**Stored dataset items:**
• • • • •

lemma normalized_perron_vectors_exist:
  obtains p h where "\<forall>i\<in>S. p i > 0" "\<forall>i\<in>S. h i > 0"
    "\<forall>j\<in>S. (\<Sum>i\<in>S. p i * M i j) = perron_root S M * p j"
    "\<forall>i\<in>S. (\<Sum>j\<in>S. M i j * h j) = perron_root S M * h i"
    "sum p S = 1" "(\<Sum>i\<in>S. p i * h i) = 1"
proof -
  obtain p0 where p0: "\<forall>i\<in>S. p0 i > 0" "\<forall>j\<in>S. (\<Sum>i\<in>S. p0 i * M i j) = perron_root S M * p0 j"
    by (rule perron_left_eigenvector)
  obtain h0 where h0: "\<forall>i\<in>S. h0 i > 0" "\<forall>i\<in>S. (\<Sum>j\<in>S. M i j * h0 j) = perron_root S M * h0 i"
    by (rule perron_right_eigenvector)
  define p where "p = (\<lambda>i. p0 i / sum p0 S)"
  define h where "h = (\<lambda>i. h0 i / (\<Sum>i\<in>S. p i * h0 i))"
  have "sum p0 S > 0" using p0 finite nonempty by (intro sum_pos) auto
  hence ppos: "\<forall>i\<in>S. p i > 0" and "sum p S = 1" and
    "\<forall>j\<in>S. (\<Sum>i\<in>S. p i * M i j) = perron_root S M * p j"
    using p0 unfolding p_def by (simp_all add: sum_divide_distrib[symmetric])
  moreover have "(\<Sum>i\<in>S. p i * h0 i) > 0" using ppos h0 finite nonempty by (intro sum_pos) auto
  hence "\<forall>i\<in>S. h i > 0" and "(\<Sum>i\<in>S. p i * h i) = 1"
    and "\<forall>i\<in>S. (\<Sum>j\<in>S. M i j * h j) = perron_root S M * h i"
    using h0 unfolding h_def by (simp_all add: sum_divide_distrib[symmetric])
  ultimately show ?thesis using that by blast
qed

• • • • •

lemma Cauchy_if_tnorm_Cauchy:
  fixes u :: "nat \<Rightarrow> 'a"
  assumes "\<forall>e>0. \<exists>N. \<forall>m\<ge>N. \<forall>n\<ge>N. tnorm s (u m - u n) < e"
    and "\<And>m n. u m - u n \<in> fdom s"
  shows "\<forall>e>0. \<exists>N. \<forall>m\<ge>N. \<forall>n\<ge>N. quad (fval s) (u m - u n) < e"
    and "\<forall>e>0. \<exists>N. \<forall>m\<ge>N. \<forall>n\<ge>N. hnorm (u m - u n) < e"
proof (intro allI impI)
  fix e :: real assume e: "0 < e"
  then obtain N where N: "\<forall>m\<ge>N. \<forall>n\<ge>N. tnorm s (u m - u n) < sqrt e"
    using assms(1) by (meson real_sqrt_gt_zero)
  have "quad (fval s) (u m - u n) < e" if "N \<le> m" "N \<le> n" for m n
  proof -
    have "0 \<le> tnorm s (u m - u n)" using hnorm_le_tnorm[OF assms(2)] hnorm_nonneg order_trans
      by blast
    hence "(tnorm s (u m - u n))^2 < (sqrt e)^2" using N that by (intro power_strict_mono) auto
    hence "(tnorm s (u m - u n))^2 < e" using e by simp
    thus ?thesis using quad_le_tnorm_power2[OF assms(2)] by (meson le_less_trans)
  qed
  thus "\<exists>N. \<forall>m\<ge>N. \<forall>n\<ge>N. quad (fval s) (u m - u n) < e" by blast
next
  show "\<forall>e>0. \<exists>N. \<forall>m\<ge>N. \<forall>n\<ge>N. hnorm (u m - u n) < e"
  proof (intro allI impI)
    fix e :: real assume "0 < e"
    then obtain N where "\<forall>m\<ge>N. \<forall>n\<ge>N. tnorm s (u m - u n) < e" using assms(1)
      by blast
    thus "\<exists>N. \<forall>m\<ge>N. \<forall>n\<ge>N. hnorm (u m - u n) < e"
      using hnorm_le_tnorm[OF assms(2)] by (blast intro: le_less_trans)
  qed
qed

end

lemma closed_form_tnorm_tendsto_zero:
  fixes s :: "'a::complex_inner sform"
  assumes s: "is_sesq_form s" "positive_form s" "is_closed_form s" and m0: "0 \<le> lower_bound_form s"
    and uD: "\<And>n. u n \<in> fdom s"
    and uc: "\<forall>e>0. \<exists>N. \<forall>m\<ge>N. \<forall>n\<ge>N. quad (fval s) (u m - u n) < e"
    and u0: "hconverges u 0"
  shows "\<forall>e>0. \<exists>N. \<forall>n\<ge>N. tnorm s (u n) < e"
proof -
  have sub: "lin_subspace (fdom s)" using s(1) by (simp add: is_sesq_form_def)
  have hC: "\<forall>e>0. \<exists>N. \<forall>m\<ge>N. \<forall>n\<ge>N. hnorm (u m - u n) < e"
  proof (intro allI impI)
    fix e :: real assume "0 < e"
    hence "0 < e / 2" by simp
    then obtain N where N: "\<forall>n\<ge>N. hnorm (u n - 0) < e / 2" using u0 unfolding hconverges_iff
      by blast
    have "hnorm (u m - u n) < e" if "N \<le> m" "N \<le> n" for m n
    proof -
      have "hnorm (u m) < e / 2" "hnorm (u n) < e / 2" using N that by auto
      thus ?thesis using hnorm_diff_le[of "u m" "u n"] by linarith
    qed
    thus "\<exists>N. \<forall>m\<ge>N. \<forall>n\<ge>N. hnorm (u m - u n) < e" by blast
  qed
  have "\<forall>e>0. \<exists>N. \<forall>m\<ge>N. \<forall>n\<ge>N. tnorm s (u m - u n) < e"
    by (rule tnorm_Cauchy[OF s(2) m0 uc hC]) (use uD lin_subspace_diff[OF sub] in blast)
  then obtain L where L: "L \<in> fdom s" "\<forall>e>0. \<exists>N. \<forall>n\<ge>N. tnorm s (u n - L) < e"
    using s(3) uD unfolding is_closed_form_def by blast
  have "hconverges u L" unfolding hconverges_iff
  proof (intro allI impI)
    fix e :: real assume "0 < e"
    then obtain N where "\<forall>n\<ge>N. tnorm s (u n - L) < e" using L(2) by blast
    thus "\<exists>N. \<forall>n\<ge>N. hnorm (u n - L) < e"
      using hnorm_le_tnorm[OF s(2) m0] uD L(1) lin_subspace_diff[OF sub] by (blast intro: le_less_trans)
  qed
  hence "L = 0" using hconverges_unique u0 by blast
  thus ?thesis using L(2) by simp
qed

• • • • •

**DESCRIPTION OF THE TASK:** Going through the records above, count the lines that hold "define" and answer with the count alone.

**ANSWER TO THIS EXERCISE:** 2